### Directions for this task
Every line in the data below from the one containing "(map y [0..<?k]))" down to the one containing "ultimately show ?thesis", both included, must be retyped exactly; no other line is to appear.

### Given data
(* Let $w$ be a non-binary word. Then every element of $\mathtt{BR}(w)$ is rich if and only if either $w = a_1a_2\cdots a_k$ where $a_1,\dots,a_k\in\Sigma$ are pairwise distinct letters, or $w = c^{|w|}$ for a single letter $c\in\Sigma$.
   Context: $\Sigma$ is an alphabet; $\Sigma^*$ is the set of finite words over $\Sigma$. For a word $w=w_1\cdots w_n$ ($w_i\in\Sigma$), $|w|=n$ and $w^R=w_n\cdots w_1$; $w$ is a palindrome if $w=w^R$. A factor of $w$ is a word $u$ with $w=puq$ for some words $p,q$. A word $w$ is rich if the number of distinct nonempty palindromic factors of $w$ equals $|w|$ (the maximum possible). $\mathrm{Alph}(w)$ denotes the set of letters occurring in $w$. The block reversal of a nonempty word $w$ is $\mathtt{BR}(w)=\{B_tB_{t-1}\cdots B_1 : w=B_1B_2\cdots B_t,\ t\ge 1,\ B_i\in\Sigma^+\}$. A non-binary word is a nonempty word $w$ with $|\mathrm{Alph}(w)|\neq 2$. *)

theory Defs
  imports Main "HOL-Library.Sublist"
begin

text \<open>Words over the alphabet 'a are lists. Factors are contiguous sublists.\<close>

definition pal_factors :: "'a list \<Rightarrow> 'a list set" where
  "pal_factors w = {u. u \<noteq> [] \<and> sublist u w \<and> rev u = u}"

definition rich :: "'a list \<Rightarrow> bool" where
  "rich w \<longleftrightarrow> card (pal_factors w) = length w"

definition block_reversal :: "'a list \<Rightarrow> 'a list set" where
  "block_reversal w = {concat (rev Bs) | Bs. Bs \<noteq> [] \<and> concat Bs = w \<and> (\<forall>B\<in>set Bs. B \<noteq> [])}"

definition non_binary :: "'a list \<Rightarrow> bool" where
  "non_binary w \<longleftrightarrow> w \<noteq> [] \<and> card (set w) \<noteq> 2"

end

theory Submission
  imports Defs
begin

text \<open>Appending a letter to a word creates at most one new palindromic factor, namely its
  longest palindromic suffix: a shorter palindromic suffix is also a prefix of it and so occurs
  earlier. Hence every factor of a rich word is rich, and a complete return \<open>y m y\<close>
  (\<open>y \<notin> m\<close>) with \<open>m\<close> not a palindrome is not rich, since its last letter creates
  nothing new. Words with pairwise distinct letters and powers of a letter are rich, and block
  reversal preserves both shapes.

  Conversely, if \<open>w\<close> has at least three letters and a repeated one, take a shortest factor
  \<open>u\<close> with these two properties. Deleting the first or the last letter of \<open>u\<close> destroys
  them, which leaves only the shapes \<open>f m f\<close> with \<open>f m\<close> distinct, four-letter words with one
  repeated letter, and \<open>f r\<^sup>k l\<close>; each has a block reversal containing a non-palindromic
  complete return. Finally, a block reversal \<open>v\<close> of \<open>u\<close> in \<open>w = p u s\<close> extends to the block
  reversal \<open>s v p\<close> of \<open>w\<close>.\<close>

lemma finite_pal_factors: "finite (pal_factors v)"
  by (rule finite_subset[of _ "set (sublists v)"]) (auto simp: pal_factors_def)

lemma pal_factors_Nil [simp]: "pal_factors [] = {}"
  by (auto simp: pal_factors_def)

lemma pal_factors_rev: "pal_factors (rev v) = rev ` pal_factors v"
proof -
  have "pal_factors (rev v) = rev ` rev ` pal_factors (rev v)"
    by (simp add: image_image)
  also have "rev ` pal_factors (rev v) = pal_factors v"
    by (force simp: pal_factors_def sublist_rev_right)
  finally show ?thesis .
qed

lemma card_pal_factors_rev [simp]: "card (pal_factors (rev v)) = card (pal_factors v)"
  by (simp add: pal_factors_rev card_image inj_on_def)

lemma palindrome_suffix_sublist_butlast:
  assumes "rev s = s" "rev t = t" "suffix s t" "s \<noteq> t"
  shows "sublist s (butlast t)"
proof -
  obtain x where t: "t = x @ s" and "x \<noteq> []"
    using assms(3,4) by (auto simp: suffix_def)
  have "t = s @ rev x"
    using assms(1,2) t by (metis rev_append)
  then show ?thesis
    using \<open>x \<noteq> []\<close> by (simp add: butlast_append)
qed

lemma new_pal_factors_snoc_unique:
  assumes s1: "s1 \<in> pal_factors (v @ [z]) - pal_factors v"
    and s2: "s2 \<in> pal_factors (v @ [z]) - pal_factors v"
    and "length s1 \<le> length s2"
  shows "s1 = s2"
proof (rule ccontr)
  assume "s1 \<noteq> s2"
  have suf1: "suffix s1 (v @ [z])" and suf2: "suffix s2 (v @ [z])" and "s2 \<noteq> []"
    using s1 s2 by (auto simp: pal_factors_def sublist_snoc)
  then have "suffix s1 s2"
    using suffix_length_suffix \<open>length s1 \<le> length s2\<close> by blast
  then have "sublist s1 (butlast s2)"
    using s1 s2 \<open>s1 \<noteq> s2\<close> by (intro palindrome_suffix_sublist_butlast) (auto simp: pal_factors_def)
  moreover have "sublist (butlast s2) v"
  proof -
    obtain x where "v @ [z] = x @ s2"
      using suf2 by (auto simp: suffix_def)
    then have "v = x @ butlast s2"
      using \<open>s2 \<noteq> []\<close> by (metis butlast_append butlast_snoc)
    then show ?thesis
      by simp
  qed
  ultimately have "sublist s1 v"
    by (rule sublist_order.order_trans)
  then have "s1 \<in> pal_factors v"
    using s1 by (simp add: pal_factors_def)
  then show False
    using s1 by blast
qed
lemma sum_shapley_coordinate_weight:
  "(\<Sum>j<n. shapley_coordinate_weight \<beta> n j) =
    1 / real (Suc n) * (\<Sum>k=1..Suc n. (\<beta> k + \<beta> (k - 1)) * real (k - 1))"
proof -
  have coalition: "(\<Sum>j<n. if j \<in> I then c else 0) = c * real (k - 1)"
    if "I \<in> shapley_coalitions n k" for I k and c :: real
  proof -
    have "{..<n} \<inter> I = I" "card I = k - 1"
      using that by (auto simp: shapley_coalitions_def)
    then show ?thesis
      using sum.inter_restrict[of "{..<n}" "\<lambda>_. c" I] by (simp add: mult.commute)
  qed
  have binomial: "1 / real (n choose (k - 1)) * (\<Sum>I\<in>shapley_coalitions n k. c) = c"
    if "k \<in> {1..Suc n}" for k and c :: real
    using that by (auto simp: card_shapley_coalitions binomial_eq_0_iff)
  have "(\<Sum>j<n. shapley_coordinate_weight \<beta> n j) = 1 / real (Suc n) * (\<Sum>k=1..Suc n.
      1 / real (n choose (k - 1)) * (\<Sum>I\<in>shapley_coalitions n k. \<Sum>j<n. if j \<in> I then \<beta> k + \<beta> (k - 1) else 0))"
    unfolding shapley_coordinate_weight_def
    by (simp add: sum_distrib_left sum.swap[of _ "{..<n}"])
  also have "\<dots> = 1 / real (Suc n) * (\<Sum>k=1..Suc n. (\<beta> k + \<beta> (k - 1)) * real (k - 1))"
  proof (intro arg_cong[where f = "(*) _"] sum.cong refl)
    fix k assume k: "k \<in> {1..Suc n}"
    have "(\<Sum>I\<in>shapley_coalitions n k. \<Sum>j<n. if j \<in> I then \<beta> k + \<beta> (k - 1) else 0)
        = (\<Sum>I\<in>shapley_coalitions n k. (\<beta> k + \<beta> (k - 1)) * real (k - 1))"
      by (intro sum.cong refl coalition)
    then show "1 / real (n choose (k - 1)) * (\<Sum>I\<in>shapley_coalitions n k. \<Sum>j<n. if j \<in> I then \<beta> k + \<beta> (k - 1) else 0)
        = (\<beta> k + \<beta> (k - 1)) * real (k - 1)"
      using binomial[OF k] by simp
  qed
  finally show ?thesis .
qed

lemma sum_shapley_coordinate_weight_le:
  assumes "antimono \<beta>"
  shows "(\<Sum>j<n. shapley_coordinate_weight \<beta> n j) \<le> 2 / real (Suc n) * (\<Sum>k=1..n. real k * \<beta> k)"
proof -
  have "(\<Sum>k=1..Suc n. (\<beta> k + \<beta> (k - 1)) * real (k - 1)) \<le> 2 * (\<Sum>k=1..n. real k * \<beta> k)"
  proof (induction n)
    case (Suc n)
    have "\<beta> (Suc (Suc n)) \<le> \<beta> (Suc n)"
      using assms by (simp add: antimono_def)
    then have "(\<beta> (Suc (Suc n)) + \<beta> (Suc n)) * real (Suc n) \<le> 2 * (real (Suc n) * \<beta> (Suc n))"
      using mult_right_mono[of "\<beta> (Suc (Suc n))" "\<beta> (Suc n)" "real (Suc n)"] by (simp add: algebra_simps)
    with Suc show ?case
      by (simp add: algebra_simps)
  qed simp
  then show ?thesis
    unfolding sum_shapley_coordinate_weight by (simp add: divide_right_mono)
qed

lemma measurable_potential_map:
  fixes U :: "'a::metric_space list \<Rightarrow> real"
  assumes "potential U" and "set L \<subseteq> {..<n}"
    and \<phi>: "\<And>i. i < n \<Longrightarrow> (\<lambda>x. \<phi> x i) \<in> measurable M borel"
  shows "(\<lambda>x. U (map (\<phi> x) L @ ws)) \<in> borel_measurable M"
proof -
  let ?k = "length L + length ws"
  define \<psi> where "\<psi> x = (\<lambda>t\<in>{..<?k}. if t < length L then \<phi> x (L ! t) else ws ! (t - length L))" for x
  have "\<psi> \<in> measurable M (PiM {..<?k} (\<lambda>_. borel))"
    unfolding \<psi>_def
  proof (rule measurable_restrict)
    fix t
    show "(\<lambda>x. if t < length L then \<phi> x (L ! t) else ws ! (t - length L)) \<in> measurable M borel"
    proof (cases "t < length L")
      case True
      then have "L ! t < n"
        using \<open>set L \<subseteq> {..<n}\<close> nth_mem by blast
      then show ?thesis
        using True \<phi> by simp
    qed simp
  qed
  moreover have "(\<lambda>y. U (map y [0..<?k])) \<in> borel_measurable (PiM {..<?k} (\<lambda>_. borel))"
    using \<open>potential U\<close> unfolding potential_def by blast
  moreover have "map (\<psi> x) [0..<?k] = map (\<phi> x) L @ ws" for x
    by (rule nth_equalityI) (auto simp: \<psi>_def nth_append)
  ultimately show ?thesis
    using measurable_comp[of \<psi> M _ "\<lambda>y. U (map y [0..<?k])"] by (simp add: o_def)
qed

### Exercise response
  moreover have "(\<lambda>y. U (map y [0..<?k])) \<in> borel_measurable (PiM {..<?k} (\<lambda>_. borel))"
    using \<open>potential U\<close> unfolding potential_def by blast
  moreover have "map (\<psi> x) [0..<?k] = map (\<phi> x) L @ ws" for x
    by (rule nth_equalityI) (auto simp: \<psi>_def nth_append)
  ultimately show ?thesis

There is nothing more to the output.